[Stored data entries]

=== Begin Enclosure ===

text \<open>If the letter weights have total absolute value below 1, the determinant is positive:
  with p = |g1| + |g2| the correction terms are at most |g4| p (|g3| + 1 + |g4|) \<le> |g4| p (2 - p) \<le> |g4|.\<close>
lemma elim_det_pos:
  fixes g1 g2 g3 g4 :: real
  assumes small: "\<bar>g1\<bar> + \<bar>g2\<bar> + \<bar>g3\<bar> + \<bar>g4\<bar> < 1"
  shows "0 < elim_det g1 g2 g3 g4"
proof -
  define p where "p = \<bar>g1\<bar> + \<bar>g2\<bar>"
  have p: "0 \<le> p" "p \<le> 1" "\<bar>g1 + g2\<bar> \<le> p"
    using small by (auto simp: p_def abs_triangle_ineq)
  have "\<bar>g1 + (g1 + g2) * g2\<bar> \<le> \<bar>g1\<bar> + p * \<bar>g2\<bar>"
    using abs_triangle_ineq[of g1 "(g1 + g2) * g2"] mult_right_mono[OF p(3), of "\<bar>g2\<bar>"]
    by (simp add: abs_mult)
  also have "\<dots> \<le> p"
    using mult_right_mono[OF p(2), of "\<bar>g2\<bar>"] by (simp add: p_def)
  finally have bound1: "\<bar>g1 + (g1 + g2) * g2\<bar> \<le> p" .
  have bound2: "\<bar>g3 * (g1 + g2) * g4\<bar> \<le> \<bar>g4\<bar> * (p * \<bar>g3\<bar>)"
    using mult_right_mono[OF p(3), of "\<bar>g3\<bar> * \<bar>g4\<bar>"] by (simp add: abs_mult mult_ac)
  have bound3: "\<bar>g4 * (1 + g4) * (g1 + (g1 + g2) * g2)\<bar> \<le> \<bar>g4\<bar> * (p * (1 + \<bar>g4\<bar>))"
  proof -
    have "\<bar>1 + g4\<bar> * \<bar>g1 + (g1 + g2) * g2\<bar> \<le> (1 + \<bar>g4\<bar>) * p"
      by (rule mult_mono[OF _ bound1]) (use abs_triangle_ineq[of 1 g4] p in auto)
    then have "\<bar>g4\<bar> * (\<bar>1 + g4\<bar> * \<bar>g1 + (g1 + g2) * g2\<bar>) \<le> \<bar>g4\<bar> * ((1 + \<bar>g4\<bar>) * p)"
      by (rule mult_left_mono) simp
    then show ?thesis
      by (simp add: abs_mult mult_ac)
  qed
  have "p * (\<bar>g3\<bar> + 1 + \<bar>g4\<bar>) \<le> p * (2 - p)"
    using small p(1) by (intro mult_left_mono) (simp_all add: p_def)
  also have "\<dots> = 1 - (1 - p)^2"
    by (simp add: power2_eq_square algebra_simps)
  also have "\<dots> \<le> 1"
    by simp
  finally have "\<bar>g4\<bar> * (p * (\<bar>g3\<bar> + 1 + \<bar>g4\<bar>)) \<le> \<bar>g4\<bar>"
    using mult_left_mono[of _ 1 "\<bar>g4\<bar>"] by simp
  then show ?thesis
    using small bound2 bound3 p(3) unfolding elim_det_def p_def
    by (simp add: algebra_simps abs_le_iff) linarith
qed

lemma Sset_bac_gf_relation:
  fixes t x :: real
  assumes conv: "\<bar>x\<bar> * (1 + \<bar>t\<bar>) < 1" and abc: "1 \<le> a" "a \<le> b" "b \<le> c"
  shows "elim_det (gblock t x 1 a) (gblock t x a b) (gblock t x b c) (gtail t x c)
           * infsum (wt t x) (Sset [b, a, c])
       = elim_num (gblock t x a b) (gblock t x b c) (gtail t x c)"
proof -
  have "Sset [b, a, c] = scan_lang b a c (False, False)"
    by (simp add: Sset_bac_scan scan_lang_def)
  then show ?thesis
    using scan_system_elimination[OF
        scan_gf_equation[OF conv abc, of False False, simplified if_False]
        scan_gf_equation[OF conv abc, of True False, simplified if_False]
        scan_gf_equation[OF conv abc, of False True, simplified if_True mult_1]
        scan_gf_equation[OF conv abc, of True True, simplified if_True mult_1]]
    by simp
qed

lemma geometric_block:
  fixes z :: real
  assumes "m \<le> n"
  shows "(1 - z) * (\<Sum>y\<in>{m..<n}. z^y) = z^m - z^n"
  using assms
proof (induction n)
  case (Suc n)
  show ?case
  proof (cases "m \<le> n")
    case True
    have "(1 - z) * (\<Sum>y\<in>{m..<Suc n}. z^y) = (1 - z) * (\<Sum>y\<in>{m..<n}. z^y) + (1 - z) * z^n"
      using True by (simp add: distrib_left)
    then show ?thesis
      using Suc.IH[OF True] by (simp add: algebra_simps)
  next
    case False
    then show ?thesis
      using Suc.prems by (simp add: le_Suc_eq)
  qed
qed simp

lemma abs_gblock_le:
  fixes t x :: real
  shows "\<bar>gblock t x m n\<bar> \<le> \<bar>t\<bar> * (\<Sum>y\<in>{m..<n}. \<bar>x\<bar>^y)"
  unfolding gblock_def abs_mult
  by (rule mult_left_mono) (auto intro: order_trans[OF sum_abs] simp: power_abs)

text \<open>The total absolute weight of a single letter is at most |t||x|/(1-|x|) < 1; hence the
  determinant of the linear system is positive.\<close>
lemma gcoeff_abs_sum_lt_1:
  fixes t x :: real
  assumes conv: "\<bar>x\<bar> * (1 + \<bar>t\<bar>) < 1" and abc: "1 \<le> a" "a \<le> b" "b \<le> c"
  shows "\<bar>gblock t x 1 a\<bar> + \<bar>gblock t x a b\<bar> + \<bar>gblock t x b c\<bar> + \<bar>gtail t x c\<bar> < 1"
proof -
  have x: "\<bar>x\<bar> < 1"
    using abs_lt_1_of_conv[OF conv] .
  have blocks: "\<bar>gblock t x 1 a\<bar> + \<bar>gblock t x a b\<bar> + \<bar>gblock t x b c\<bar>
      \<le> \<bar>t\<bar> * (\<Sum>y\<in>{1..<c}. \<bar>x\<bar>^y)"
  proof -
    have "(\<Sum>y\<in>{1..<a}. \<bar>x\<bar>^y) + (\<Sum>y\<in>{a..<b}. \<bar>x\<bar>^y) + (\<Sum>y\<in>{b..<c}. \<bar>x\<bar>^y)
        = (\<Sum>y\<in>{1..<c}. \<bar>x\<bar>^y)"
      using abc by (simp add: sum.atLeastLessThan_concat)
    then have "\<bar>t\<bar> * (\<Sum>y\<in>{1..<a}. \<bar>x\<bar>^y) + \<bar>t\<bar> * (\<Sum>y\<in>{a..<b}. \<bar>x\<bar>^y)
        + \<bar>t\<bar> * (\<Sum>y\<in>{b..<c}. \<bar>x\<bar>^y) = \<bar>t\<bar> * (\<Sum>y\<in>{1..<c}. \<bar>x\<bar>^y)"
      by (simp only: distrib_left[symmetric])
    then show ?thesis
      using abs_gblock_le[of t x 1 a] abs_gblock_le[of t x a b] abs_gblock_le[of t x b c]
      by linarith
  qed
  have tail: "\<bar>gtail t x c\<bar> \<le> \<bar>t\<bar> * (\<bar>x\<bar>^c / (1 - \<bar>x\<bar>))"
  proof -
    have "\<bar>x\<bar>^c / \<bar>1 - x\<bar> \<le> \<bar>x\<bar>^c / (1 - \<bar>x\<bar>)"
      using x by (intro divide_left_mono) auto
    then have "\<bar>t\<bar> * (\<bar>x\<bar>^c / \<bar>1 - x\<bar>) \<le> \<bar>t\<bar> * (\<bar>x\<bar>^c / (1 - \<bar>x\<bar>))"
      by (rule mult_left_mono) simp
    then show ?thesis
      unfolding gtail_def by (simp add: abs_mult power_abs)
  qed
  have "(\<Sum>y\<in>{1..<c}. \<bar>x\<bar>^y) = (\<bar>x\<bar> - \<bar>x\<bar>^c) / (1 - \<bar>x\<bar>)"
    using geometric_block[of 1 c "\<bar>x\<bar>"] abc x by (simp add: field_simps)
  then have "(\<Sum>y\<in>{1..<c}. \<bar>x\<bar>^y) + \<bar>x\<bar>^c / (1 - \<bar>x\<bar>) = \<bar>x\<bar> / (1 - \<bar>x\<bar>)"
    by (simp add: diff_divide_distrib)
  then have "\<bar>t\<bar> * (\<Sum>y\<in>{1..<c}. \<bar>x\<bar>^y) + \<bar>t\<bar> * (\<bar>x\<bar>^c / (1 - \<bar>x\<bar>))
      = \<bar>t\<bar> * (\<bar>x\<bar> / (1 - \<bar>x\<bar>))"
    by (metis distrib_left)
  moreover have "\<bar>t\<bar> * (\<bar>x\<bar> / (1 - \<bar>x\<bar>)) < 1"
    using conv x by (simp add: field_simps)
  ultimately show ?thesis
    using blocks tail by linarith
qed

=== End Enclosure ===

WORK ITEM: Give exactly the lines from the one with "- \<bar>x\<bar>)) <" to the end of the entries, nothing before them.

TASK RESULT:
  moreover have "\<bar>t\<bar> * (\<bar>x\<bar> / (1 - \<bar>x\<bar>)) < 1"
    using conv x by (simp add: field_simps)
  ultimately show ?thesis
    using blocks tail by linarith
qed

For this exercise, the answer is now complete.